BEGIN EXTRACTED DATA

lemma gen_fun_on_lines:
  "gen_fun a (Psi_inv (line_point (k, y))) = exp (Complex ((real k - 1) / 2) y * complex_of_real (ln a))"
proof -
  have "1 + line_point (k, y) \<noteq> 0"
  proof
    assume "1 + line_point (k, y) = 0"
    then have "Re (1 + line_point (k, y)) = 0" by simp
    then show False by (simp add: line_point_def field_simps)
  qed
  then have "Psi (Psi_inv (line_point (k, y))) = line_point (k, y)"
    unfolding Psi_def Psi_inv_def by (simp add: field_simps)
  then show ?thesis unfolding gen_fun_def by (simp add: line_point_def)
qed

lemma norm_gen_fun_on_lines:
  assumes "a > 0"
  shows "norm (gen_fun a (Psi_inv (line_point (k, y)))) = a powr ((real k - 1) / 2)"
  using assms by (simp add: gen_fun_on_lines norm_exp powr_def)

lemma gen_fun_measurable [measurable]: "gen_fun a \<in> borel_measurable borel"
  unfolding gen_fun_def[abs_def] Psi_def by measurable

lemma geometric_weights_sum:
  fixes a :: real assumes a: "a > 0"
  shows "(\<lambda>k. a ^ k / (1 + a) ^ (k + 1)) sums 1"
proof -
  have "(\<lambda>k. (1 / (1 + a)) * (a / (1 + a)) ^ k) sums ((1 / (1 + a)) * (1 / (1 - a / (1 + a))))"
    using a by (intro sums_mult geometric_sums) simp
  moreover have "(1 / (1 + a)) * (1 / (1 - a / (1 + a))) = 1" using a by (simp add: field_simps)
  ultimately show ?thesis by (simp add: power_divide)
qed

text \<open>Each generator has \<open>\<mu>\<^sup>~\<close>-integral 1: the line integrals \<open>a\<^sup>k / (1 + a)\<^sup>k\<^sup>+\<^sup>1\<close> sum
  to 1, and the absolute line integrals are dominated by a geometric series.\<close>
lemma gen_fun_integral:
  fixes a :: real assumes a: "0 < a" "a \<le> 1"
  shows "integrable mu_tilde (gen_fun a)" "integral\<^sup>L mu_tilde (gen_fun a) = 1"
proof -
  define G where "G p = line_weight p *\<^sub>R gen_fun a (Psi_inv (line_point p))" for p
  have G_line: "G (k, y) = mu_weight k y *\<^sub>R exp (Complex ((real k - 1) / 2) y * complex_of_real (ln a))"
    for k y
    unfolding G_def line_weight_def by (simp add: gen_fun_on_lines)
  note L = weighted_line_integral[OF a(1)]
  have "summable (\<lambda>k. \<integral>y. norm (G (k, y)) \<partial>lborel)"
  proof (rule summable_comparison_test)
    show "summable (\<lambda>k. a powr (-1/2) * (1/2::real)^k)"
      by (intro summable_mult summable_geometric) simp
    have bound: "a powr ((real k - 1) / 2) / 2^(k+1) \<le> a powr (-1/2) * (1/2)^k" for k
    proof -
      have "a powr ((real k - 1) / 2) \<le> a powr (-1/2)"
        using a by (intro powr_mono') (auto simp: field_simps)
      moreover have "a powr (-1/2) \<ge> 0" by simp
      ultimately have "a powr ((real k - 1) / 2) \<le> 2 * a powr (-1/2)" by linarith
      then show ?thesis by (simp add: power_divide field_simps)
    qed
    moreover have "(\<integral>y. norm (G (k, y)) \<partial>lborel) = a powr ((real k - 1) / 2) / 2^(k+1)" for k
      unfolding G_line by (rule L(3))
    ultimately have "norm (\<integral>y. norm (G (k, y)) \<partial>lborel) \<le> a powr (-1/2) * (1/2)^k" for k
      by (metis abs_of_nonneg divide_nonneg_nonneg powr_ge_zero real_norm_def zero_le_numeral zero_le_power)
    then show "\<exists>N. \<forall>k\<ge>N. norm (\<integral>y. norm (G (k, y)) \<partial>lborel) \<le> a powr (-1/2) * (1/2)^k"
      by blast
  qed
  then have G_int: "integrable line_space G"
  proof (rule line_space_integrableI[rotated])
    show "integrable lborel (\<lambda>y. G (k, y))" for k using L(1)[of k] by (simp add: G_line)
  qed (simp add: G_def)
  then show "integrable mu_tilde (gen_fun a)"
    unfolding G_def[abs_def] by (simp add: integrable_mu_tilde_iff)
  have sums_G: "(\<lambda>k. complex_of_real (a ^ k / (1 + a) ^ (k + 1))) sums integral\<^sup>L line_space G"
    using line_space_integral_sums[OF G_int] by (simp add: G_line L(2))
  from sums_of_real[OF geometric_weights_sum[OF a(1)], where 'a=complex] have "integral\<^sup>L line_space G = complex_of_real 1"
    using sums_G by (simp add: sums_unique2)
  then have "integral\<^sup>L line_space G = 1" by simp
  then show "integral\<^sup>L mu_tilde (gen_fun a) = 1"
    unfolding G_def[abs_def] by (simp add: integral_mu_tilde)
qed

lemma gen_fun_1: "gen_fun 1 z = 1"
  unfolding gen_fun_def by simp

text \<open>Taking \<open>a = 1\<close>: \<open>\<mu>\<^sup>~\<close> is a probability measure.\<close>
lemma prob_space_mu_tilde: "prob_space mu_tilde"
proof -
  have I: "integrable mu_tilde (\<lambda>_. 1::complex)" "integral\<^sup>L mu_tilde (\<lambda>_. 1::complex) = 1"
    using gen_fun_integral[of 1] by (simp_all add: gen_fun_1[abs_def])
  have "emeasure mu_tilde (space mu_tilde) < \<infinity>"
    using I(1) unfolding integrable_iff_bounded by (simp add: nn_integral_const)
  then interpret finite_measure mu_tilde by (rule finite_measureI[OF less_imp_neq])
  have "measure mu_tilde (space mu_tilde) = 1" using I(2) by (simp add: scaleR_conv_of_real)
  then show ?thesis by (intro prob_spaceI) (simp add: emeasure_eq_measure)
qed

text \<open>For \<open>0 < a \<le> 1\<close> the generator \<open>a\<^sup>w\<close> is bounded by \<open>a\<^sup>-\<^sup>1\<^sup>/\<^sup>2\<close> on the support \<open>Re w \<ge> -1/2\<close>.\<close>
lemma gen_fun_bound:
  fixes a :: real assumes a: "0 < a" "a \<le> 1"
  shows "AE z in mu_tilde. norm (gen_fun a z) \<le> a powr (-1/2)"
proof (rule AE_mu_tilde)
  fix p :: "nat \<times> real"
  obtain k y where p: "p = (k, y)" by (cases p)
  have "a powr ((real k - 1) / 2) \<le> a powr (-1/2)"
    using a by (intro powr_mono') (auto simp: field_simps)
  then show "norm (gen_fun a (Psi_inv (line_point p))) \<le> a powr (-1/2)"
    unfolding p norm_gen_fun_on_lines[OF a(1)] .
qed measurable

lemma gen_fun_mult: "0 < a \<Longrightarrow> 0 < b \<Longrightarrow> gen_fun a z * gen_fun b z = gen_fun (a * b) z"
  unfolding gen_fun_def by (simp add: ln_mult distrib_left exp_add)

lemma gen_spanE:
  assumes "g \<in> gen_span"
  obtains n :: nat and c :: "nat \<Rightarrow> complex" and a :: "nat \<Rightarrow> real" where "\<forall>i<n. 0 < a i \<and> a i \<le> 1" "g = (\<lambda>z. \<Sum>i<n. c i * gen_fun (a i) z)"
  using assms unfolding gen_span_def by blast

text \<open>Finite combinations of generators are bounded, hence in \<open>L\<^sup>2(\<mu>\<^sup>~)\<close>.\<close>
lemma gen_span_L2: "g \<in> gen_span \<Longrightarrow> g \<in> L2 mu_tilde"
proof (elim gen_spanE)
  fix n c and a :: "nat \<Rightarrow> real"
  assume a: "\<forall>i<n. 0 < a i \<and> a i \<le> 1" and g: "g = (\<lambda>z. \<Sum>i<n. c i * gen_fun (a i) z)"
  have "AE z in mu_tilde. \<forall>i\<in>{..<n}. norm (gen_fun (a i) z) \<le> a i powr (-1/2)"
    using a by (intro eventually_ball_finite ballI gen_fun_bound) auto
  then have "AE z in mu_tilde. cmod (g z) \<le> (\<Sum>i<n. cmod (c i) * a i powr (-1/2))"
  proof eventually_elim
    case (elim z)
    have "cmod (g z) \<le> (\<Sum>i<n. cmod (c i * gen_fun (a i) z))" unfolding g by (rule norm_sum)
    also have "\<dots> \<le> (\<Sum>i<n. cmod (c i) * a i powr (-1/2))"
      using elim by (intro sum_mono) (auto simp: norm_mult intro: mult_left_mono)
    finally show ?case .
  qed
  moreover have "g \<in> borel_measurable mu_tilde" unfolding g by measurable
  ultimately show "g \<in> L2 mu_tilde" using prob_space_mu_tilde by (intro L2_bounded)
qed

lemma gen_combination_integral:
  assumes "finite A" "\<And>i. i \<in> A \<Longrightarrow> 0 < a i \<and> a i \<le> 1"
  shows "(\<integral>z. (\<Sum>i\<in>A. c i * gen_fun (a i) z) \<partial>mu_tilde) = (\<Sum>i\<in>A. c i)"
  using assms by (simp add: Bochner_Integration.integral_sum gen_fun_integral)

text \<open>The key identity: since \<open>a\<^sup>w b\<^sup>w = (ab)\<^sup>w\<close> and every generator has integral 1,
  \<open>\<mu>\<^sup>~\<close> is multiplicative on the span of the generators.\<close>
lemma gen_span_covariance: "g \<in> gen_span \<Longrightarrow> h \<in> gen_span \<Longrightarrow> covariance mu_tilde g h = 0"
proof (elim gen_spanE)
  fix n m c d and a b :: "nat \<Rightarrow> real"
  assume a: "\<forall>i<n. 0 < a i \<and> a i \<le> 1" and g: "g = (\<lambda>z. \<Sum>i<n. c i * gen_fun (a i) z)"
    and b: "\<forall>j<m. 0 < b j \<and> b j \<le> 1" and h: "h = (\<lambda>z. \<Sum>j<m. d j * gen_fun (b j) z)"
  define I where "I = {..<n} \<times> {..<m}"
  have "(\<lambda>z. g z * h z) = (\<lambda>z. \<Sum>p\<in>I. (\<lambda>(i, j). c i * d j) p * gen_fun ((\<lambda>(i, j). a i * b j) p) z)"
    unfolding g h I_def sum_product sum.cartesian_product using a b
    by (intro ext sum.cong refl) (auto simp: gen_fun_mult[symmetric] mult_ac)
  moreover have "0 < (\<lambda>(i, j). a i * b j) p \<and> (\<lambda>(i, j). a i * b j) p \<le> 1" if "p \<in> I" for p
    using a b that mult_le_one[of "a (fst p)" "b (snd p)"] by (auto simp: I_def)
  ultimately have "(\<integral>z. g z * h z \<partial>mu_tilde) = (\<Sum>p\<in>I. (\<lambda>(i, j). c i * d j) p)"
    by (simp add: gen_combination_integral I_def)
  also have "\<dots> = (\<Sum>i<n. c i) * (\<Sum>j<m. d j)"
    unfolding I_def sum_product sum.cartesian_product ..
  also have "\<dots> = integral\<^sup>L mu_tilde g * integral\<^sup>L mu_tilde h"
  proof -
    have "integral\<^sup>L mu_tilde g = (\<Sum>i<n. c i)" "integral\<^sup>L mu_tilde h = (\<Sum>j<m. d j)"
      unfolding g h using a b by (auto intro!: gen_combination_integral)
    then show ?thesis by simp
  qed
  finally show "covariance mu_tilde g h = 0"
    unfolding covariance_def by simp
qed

END EXTRACTED DATA

▶ _INSTRUCTIONS FOR THE TASK_:
Going through the data above, return each line with the word "ultimately".

▶ _EXERCISE SOLUTION_:
  ultimately show ?thesis by (simp add: power_divide)
      ultimately have "a powr ((real k - 1) / 2) \<le> 2 * a powr (-1/2)" by linarith
    ultimately have "norm (\<integral>y. norm (G (k, y)) \<partial>lborel) \<le> a powr (-1/2) * (1/2)^k" for k
  ultimately show "g \<in> L2 mu_tilde" using prob_space_mu_tilde by (intro L2_bounded)
  ultimately have "(\<integral>z. g z * h z \<partial>mu_tilde) = (\<Sum>p\<in>I. (\<lambda>(i, j). c i * d j) p)"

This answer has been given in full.